The Michrina Brothers would create the first commercial minibikes by drawing inspiration from this Pit Bike, delivering 3 prototypes to Troy Ruttman to sell through his dealership. The Michrina brothers are credited with creating the minibike but failed to patent the design or trademark the term when founding their Lil Indian brand in 1959. Lil Indian would go on to manufacture tens-of-thousands of minibikes in their 40+ years. From the mid-1960s into the 1970s, the popularity of said machines would see over a hundred manufacturers attempt to market machines, an inexpensive venture due to the absence of patents. So popular and simple was the design, June 1967 Popular Mechanics magazine included an article with plans.

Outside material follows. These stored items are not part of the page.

(* Let $a,b\in C^0(\mathbb{R})$ be even and positive, and let $G\in C^0(\mathbb{R})$ be even with $G(s)\ge G(M)=0$ for all $s\in\mathbb{R}$ and $G(s)>0$ for $s\in[0,M)$, for some $M>0$. Let $L>0$, $I:=(-L,L)$, and let $(u_{m_k})_{k\ge1}$ be a sequence such that each $u_{m_k}$ is a minimizer of $\mathcal{E}(\cdot,I)$ in $H^1_{m_k}(I)$, where $m_k\ge0$ and $m_k\to m$. Then, up to a subsequence, $u_{m_k}\to u_m$ in $H^1(I)$, where $u_m$ is a minimizer of $\mathcal{E}(\cdot,I)$ in $H^1_m(I)$. In particular, $u_{m_k}\to u_m$ in $C^0(\overline I)$.
   Context: $H^1_m(I):=\{u\in H^1(I):u(-L)=-m,\ u(L)=m\}$ and $\mathcal{E}(u,I):=\int_{-L}^L\{\tfrac12(u')^2a(x)+G(u)b(x)\}\,dx$; minimizer means absolute minimizer. *)

theory Defs
  imports "HOL-Analysis.Analysis"
begin

text \<open>Sobolev space H^1 on the interval I = (-L,L), via the continuous representative:
  u is in H^1(I) iff there is a square-integrable v on [-L,L] with
  u x = u(-L) + integral of v over [-L,x] for all x in [-L,L]; v is then the weak derivative.\<close>

definition is_wderiv :: "real \<Rightarrow> (real \<Rightarrow> real) \<Rightarrow> (real \<Rightarrow> real) \<Rightarrow> bool" where
  "is_wderiv L u v \<longleftrightarrow>
     set_borel_measurable lborel {-L..L} v \<and>
     set_integrable lborel {-L..L} (\<lambda>x. (v x)\<^sup>2) \<and>
     (\<forall>x\<in>{-L..L}. u x = u (-L) + (LINT t:{-L..x}|lborel. v t))"

definition H1 :: "real \<Rightarrow> (real \<Rightarrow> real) \<Rightarrow> bool" where
  "H1 L u \<longleftrightarrow> (\<exists>v. is_wderiv L u v)"

definition H1m :: "real \<Rightarrow> real \<Rightarrow> (real \<Rightarrow> real) \<Rightarrow> bool" where
  "H1m L m u \<longleftrightarrow> H1 L u \<and> u (-L) = -m \<and> u L = m"

definition energy :: "(real \<Rightarrow> real) \<Rightarrow> (real \<Rightarrow> real) \<Rightarrow> (real \<Rightarrow> real) \<Rightarrow> real
    \<Rightarrow> (real \<Rightarrow> real) \<Rightarrow> (real \<Rightarrow> real) \<Rightarrow> real" where
  "energy a b G L u v = (LINT x:{-L..L}|lborel. (1/2) * (v x)\<^sup>2 * a x + G (u x) * b x)"

definition minimizer :: "(real \<Rightarrow> real) \<Rightarrow> (real \<Rightarrow> real) \<Rightarrow> (real \<Rightarrow> real) \<Rightarrow> real
    \<Rightarrow> real \<Rightarrow> (real \<Rightarrow> real) \<Rightarrow> bool" where
  "minimizer a b G L m u \<longleftrightarrow> H1m L m u \<and>
     (\<forall>w v v'. H1m L m w \<longrightarrow> is_wderiv L u v \<longrightarrow> is_wderiv L w v' \<longrightarrow>
        energy a b G L u v \<le> energy a b G L w v')"

definition H1_converges :: "real \<Rightarrow> (nat \<Rightarrow> real \<Rightarrow> real) \<Rightarrow> (real \<Rightarrow> real) \<Rightarrow> bool" where
  "H1_converges L f g \<longleftrightarrow>
     (\<lambda>k. LINT x:{-L..L}|lborel. (f k x - g x)\<^sup>2) \<longlonglongrightarrow> 0 \<and>
     (\<forall>v w. is_wderiv L g v \<longrightarrow> (\<forall>k. is_wderiv L (f k) (w k)) \<longrightarrow>
        (\<lambda>k. LINT x:{-L..L}|lborel. (w k x - v x)\<^sup>2) \<longlonglongrightarrow> 0)"

end

theory Submission
  imports Defs "HOL-Complex_Analysis.Great_Picard"
begin

text \<open>
  Testing a minimizer against the linear function with the same boundary values bounds its
  energy, hence the \<open>L\<^sup>2\<close> norm of its derivative, uniformly for bounded \<open>m\<close>. The estimate
  \<open>\<bar>u x - u y\<bar> \<le> \<bar>x - y\<bar>\<^sup>1\<^sup>/\<^sup>2 \<parallel>u'\<parallel>\<^sub>2\<close> makes the minimizers equicontinuous, so by
  Arzela-Ascoli a subsequence converges uniformly to some \<open>g\<close>.

  The derivatives of this subsequence are Cauchy in \<open>L\<^sup>2\<close>: testing two minimizers \<open>u\<^sub>1, u\<^sub>2\<close>
  against the admissible competitors \<open>(u\<^sub>1 + u\<^sub>2)/2 \<plusminus> (m\<^sub>1 - m\<^sub>2) x / (2L)\<close>, the parallelogram law gives
  \<open>\<integral> a (u\<^sub>1' - u\<^sub>2')\<^sup>2 / 4 \<le> ((m\<^sub>1 - m\<^sub>2) / (2L))\<^sup>2 \<integral> a\<close> plus differences of potential energies, and
  these are small since the potential energy is continuous under uniform convergence.
  A further subsequence of derivatives converges in \<open>L\<^sup>2\<close> to some \<open>W\<close>, the weak derivative
  of \<open>g\<close>. Then the energies converge, and passing to the limit in the minimality of
  \<open>u\<^sub>k\<close> against the competitors \<open>w + (m\<^sub>k - m) x / L\<close> shows that \<open>g\<close> minimizes in \<open>H\<^sup>1\<^sub>m\<close>.
\<close>

section \<open>Square-integrable functions on an interval\<close>

text \<open>\<open>L\<^sup>2(S)\<close>, with functions represented by their extension by zero to the real line.\<close>

definition L2_on :: "real set \<Rightarrow> (real \<Rightarrow> real) \<Rightarrow> bool" where
  "L2_on S f \<longleftrightarrow> f \<in> borel_measurable lborel \<and> integrable lborel (\<lambda>x. (f x)\<^sup>2) \<and> (\<forall>x. x \<notin> S \<longrightarrow> f x = 0)"

lemma L2_onD:
  assumes "L2_on S f"
  shows "f \<in> borel_measurable lborel" "integrable lborel (\<lambda>x. (f x)\<^sup>2)" "\<And>x. x \<notin> S \<Longrightarrow> f x = 0"
  using assms unfolding L2_on_def by auto

lemma abs_le_square_div_add:
  assumes "0 < t"
  shows "\<bar>z::real\<bar> \<le> z\<^sup>2 / (2*t) + t/2"
proof -
  have "0 \<le> (\<bar>z\<bar> - t)\<^sup>2" by simp
  hence "2*t*\<bar>z\<bar> \<le> z\<^sup>2 + t\<^sup>2" by (simp add: power2_eq_square algebra_simps)
  thus ?thesis using assms by (simp add: field_simps power2_eq_square)
qed

lemma integrable_indicator_Icc_mult: "integrable lborel (\<lambda>x. indicator {a..b::real} x * (c::real))"
  by (intro integrable_mult_left integrable_real_indicator) (auto simp: emeasure_lborel_Icc_eq)

lemma integrable_mult_square_integrable:
  fixes f g :: "'a \<Rightarrow> real"
  assumes "f \<in> borel_measurable M" "g \<in> borel_measurable M"
    and "integrable M (\<lambda>x. (f x)\<^sup>2)" "integrable M (\<lambda>x. (g x)\<^sup>2)"
  shows "integrable M (\<lambda>x. f x * g x)"
proof (rule Bochner_Integration.integrable_bound)
  show "integrable M (\<lambda>x. (f x)\<^sup>2 + (g x)\<^sup>2)" using assms by auto
  show "(\<lambda>x. f x * g x) \<in> borel_measurable M" using assms by measurable
  have "\<bar>f x\<bar> * \<bar>g x\<bar> \<le> (f x)\<^sup>2 + (g x)\<^sup>2" for x
  proof -
    have "2 * \<bar>f x\<bar> * \<bar>g x\<bar> \<le> (f x)\<^sup>2 + (g x)\<^sup>2"
      using sum_squares_bound[of "\<bar>f x\<bar>" "\<bar>g x\<bar>"] by (simp add: power2_eq_square)
    moreover have "0 \<le> \<bar>f x\<bar> * \<bar>g x\<bar>" by simp
    ultimately show ?thesis by linarith
  qed
  thus "AE x in M. norm (f x * g x) \<le> norm ((f x)\<^sup>2 + (g x)\<^sup>2)"
    by (simp add: abs_mult)
qed

lemma integral_abs_mult_le_sqrt:
  fixes f g :: "'a \<Rightarrow> real"
  assumes [measurable]: "f \<in> borel_measurable M" "g \<in> borel_measurable M"
    and sq: "integrable M (\<lambda>x. (f x)\<^sup>2)" "integrable M (\<lambda>x. (g x)\<^sup>2)"
  shows "(\<integral>x. \<bar>f x * g x\<bar> \<partial>M) \<le> sqrt (\<integral>x. (f x)\<^sup>2 \<partial>M) * sqrt (\<integral>x. (g x)\<^sup>2 \<partial>M)"
proof -
  have fg: "integrable M (\<lambda>x. \<bar>f x * g x\<bar>)"
    using integrable_mult_square_integrable[OF assms] by auto
  have nn: "(\<integral>\<^sup>+x. ennreal (h x) \<partial>M) = ennreal (\<integral>x. h x \<partial>M)"
    if "integrable M h" "\<And>x. 0 \<le> h x" for h :: "'a \<Rightarrow> real"
    using that by (intro nn_integral_eq_integral) auto
  have sq_eq: "ennreal \<bar>h x\<bar> ^ 2 = ennreal ((h x)\<^sup>2)" for h :: "'a \<Rightarrow> real" and x
    by (simp add: ennreal_power)
  have "ennreal ((\<integral>x. \<bar>f x * g x\<bar> \<partial>M)\<^sup>2) = (\<integral>\<^sup>+x. ennreal \<bar>f x\<bar> * ennreal \<bar>g x\<bar> \<partial>M)\<^sup>2"
    using nn[OF fg] by (simp add: abs_mult ennreal_mult ennreal_power)
  also have "\<dots> \<le> (\<integral>\<^sup>+x. ennreal \<bar>f x\<bar> ^ 2 \<partial>M) * (\<integral>\<^sup>+x. ennreal \<bar>g x\<bar> ^ 2 \<partial>M)"
    by (rule Cauchy_Schwarz_nn_integral) measurable
  also have "\<dots> = ennreal ((\<integral>x. (f x)\<^sup>2 \<partial>M) * (\<integral>x. (g x)\<^sup>2 \<partial>M))"
    using nn[OF sq(1)] nn[OF sq(2)] sq_eq
    by (simp add: ennreal_power[symmetric] ennreal_mult integral_nonneg_AE)
  finally have "(\<integral>x. \<bar>f x * g x\<bar> \<partial>M)\<^sup>2 \<le> (\<integral>x. (f x)\<^sup>2 \<partial>M) * (\<integral>x. (g x)\<^sup>2 \<partial>M)"
    by (simp add: ennreal_le_iff integral_nonneg_AE)
  hence "sqrt ((\<integral>x. \<bar>f x * g x\<bar> \<partial>M)\<^sup>2) \<le> sqrt ((\<integral>x. (f x)\<^sup>2 \<partial>M) * (\<integral>x. (g x)\<^sup>2 \<partial>M))"
    by (rule real_sqrt_le_mono)
  thus ?thesis by (simp add: real_sqrt_mult integral_nonneg_AE)
qed

lemma L2_on_integrable:
  assumes "L2_on {c..d} f"
  shows "integrable lborel f"
proof (rule Bochner_Integration.integrable_bound)
  show "integrable lborel (\<lambda>x. (f x)\<^sup>2 / 2 + indicator {c..d} x * (1/2::real))"
    using L2_onD(2)[OF assms] integrable_indicator_Icc_mult by (intro Bochner_Integration.integrable_add) auto
  show "AE x in lborel. norm (f x) \<le> norm ((f x)\<^sup>2 / 2 + indicator {c..d} x * (1/2::real))"
    using abs_le_square_div_add[of 1] L2_onD(3)[OF assms] by (intro AE_I2) (auto simp: indicator_def)
qed (use L2_onD(1)[OF assms] in simp)

lemma L2_on_lincomb:
  assumes f: "L2_on S f" and g: "L2_on S g"
  shows "L2_on S (\<lambda>x. \<alpha> * f x + \<beta> * g x)"
proof -
  have "(\<lambda>x. (\<alpha> * f x + \<beta> * g x)\<^sup>2) = (\<lambda>x. \<alpha>\<^sup>2 * (f x)\<^sup>2 + 2*\<alpha>*\<beta> * (f x * g x) + \<beta>\<^sup>2 * (g x)\<^sup>2)"
    by (auto simp: fun_eq_iff power2_eq_square algebra_simps)
  moreover have "integrable lborel (\<lambda>x. f x * g x)"
    using L2_onD[OF f] L2_onD[OF g] by (intro integrable_mult_square_integrable)
  ultimately show ?thesis
    using L2_onD[OF f] L2_onD[OF g] unfolding L2_on_def by auto
qed

lemma L2_on_diff: "L2_on S f \<Longrightarrow> L2_on S g \<Longrightarrow> L2_on S (\<lambda>x. f x - g x)"
  using L2_on_lincomb[of S f g 1 "-1"] by simp

lemma L2_on_mono: "L2_on S f \<Longrightarrow> S \<subseteq> T \<Longrightarrow> L2_on T f"
  unfolding L2_on_def by blast

lemma L2_on_indicator_mult:
  assumes f: "L2_on S f" and T: "T \<in> sets borel"
  shows "L2_on T (\<lambda>x. indicator T x * f x)"
  unfolding L2_on_def
proof (intro conjI allI impI)
  show "(\<lambda>x. indicator T x * f x) \<in> borel_measurable lborel"
    using T L2_onD(1)[OF f] by measurable
  have "(\<lambda>x. (indicator T x * f x)\<^sup>2) = (\<lambda>x. indicator T x *\<^sub>R (f x)\<^sup>2)"
    by (auto simp: fun_eq_iff indicator_def)
  thus "integrable lborel (\<lambda>x. (indicator T x * f x)\<^sup>2)"
    using integrable_mult_indicator[OF _ L2_onD(2)[OF f], of T] T by simp
qed simp

lemma indicator_square_eq: "(\<lambda>x. (indicator S x * f x)\<^sup>2) = (\<lambda>x. indicator S x *\<^sub>R (f x :: real)\<^sup>2)"
  by (auto simp: fun_eq_iff indicator_def)

lemma integrable_continuous_mult:
  fixes a h :: "real \<Rightarrow> real"
  assumes a: "continuous_on UNIV a" and h: "integrable lborel h" and z: "\<And>x. x \<notin> {c..d} \<Longrightarrow> h x = 0"
  shows "integrable lborel (\<lambda>x. a x * h x)"
proof -
  have "compact {c..d}" "continuous_on {c..d} a"
    using continuous_on_subset[OF a] by auto
  then obtain B where B: "\<And>x. x \<in> {c..d} \<Longrightarrow> norm (a x) \<le> B"
    by (rule continuous_on_compact_bound) blast
  show ?thesis
  proof (rule Bochner_Integration.integrable_bound)
    show "integrable lborel (\<lambda>x. B * \<bar>h x\<bar>)" using h by auto
    have "a \<in> borel_measurable lborel" "h \<in> borel_measurable lborel"
      using a h by (auto intro: borel_measurable_continuous_onI)
    thus "(\<lambda>x. a x * h x) \<in> borel_measurable lborel" by measurable
    show "AE x in lborel. norm (a x * h x) \<le> norm (B * \<bar>h x\<bar>)"
    proof (intro AE_I2)
      fix x show "norm (a x * h x) \<le> norm (B * \<bar>h x\<bar>)"
        using B[of x] z[of x] by (cases "x \<in> {c..d}") (auto simp: abs_mult mult_right_mono)
    qed
  qed
qed
text \<open>If \<open>Re G\<close> increases strictly along every horizontal line of a strip, then
  \<open>\<zeta> \<mapsto> (Re (G \<zeta>), Im \<zeta>)\<close> is injective, hence (invariance of domain) a homeomorphism of the
  strip onto an open set.\<close>

lemma strip_rectification:
  fixes G :: "complex \<Rightarrow> complex" and a :: real
  assumes cont: "continuous_on {\<zeta>. \<bar>Im \<zeta>\<bar> < a} G"
    and mono: "\<And>s x y. \<bar>s\<bar> < a \<Longrightarrow> x < y \<Longrightarrow> Re (G (Complex x s)) < Re (G (Complex y s))"
  shows "\<exists>\<Psi>. homeomorphism {\<zeta>. \<bar>Im \<zeta>\<bar> < a} ((\<lambda>\<zeta>. Complex (Re (G \<zeta>)) (Im \<zeta>)) ` {\<zeta>. \<bar>Im \<zeta>\<bar> < a})
                       (\<lambda>\<zeta>. Complex (Re (G \<zeta>)) (Im \<zeta>)) \<Psi>"
proof -
  define S where "S = {\<zeta>. \<bar>Im \<zeta>\<bar> < a}"
  define \<Phi> where "\<Phi> = (\<lambda>\<zeta>. Complex (Re (G \<zeta>)) (Im \<zeta>))"
  have oS: "open S" unfolding S_def by (intro open_Collect_less continuous_intros)
  have cont_\<Phi>: "continuous_on S \<Phi>"
    unfolding \<Phi>_def Complex_eq using cont by (auto simp: S_def intro!: continuous_intros)
  have inj_\<Phi>: "inj_on \<Phi> S"
  proof (rule inj_onI)
    fix \<zeta>1 \<zeta>2 assume \<zeta>: "\<zeta>1 \<in> S" "\<zeta>2 \<in> S" "\<Phi> \<zeta>1 = \<Phi> \<zeta>2"
    hence s: "Im \<zeta>1 = Im \<zeta>2" "Re (G \<zeta>1) = Re (G \<zeta>2)" "\<bar>Im \<zeta>1\<bar> < a"
      by (auto simp: \<Phi>_def S_def)
    have e: "Complex (Re \<zeta>1) (Im \<zeta>1) = \<zeta>1" "Complex (Re \<zeta>2) (Im \<zeta>1) = \<zeta>2"
      using s(1) by (simp_all add: complex_eq_iff)
    have "\<not> Re \<zeta>1 < Re \<zeta>2" "\<not> Re \<zeta>2 < Re \<zeta>1"
      using mono[of "Im \<zeta>1" "Re \<zeta>1" "Re \<zeta>2"] mono[of "Im \<zeta>1" "Re \<zeta>2" "Re \<zeta>1"] s e by auto
    thus "\<zeta>1 = \<zeta>2" using s(1) by (simp add: complex_eq_iff)
  qed
  show ?thesis
    using invariance_of_domain_homeomorphism[OF oS cont_\<Phi> _ inj_\<Phi>] unfolding S_def \<Phi>_def by auto
qed

text \<open>If moreover \<open>Re G\<close> takes the same values on all horizontal lines,
  the image of the rectification contains the whole vertical segment at height \<open>c\<close>; pulling this
  segment back shows that \<open>G(strip) \<inter> {Re w = c}\<close> is connected.\<close>

lemma strip_level_set_connected:
  fixes G :: "complex \<Rightarrow> complex" and a c :: real
  assumes cont: "continuous_on {\<zeta>. \<bar>Im \<zeta>\<bar> < a} G"
    and mono: "\<And>s x y. \<bar>s\<bar> < a \<Longrightarrow> x < y \<Longrightarrow> Re (G (Complex x s)) < Re (G (Complex y s))"
    and range: "\<And>s s' x. \<bar>s\<bar> < a \<Longrightarrow> \<bar>s'\<bar> < a \<Longrightarrow>
                  \<exists>x'. Re (G (Complex x' s')) = Re (G (Complex x s))"
  shows "connected (G ` {\<zeta>. \<bar>Im \<zeta>\<bar> < a} \<inter> {w. Re w = c})"
proof (cases "\<exists>\<zeta>0. \<bar>Im \<zeta>0\<bar> < a \<and> Re (G \<zeta>0) = c")
  case False
  hence "G ` {\<zeta>. \<bar>Im \<zeta>\<bar> < a} \<inter> {w. Re w = c} = {}" by auto
  thus ?thesis by simp
next
  case True
  then obtain \<zeta>0 where \<zeta>0: "\<bar>Im \<zeta>0\<bar> < a" "Re (G \<zeta>0) = c" by blast
  define S where "S = {\<zeta>. \<bar>Im \<zeta>\<bar> < a}"
  define \<Phi> where "\<Phi> = (\<lambda>\<zeta>. Complex (Re (G \<zeta>)) (Im \<zeta>))"
  obtain \<Psi> where hom: "homeomorphism S (\<Phi> ` S) \<Phi> \<Psi>"
    using strip_rectification[OF cont mono] unfolding S_def \<Phi>_def by blast
  define V where "V = (\<lambda>s. Complex c s) ` {-a<..<a}"
  have V_sub: "V \<subseteq> \<Phi> ` S"
  proof
    fix v assume "v \<in> V"
    then obtain s where s: "\<bar>s\<bar> < a" "v = Complex c s" by (force simp: V_def abs_less_iff)
    obtain x' where "Re (G (Complex x' s)) = Re (G (Complex (Re \<zeta>0) (Im \<zeta>0)))"
      using range[OF \<zeta>0(1) s(1)] by blast
    hence "v = \<Phi> (Complex x' s)" using s \<zeta>0 by (simp add: \<Phi>_def)
    thus "v \<in> \<Phi> ` S" using s by (auto simp: S_def)
  qed
  have level: "G ` S \<inter> {w. Re w = c} = (G \<circ> \<Psi>) ` V"
  proof (intro equalityI subsetI)
    fix w assume "w \<in> G ` S \<inter> {w. Re w = c}"
    then obtain \<zeta> where "\<zeta> \<in> S" "w = G \<zeta>" "Re w = c" by auto
    moreover from this have "\<Phi> \<zeta> \<in> V" by (auto simp: \<Phi>_def V_def S_def abs_less_iff intro!: imageI)
    ultimately show "w \<in> (G \<circ> \<Psi>) ` V"
      using homeomorphism_apply1[OF hom] by (metis comp_apply image_eqI)
  next
    fix w assume "w \<in> (G \<circ> \<Psi>) ` V"
    then obtain v where v: "v \<in> V" "w = G (\<Psi> v)" by auto
    hence "\<Psi> v \<in> S" "\<Phi> (\<Psi> v) = v"
      using V_sub homeomorphism_image2[OF hom] homeomorphism_apply2[OF hom] by auto
    thus "w \<in> G ` S \<inter> {w. Re w = c}" using v by (auto simp: \<Phi>_def V_def)
  qed
  have conn_V: "connected V" unfolding V_def
    by (intro connected_continuous_image continuous_intros) auto
  have cont_V: "continuous_on V (G \<circ> \<Psi>)"
  proof (rule continuous_on_compose)
    show "continuous_on V \<Psi>"
      using homeomorphism_cont2[OF hom] V_sub by (rule continuous_on_subset)
    have "\<Psi> ` V \<subseteq> S" using V_sub homeomorphism_image2[OF hom] by auto
    thus "continuous_on (\<Psi> ` V) G" using cont unfolding S_def by (rule continuous_on_subset[rotated])
  qed
  show ?thesis
    unfolding level[unfolded S_def] by (rule connected_continuous_image[OF cont_V conn_V])
qed
theorem corollary2p2:
  fixes lam mu nu :: "'d::finite \<Rightarrow> real" and P :: "real^'d^'d"
  assumes "jackson_params lam mu P"
    and "hypA lam mu P"
    and "traffic lam P nu"
    and "\<forall>i. nu i < mu i"
  shows "\<forall>\<gamma>\<in>Gamma_set P. ess_set lam mu P \<noteq> {} \<and>
           ln (ess_spec_rad lam mu P)
             \<le> - (MIN i. \<gamma> i / (Gmat P $ i $ i) * (mu i / (1 + \<gamma> i) - nu i))"
proof
  fix \<gamma> assume "\<gamma> \<in> Gamma_set P"
  note bounds = ln_Inf_le[OF mem_ess_set_above_exp_neg_min[OF assms(1-3) this]
                            mem_ess_set_gt[OF assms(1)] exp_gt_zero]
  show "ess_set lam mu P \<noteq> {} \<and>
          ln (ess_spec_rad lam mu P)
            \<le> - (MIN i. \<gamma> i / (Gmat P $ i $ i) * (mu i / (1 + \<gamma> i) - nu i))"
    using bounds unfolding ess_spec_rad_def by blast
qed

end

As the market for minibikes developed, a variety of cottage and major industries offered models, including Arctic Cat, Rupp, Taco, Heath, Gilson, Sears, and Fox. Many of these manufacturers used off the shelf components in particular the engines, often Briggs & Stratton or Tecumseh, which were already standardized to fit many different types of power equipment (tillers, lawnmowers, pressure washers, etc) thus reducing their own manufacturing costs. Traditional motorcycle manufacturers also released models inspired by aspects of minibikes, most famously Honda with the Z50A, though this style was nicknamed a Monkey Bike due to its monkey-like riding position. Sales peaked in 1973, with 140,000 units between manufacturers. By 1976 the bubble had burst and fewer than ten manufacturers continued to make minibikes. Popularity declined steadily, but leveled off in the early 1990s. Currently, machines can still be found at various retailers for less than $800.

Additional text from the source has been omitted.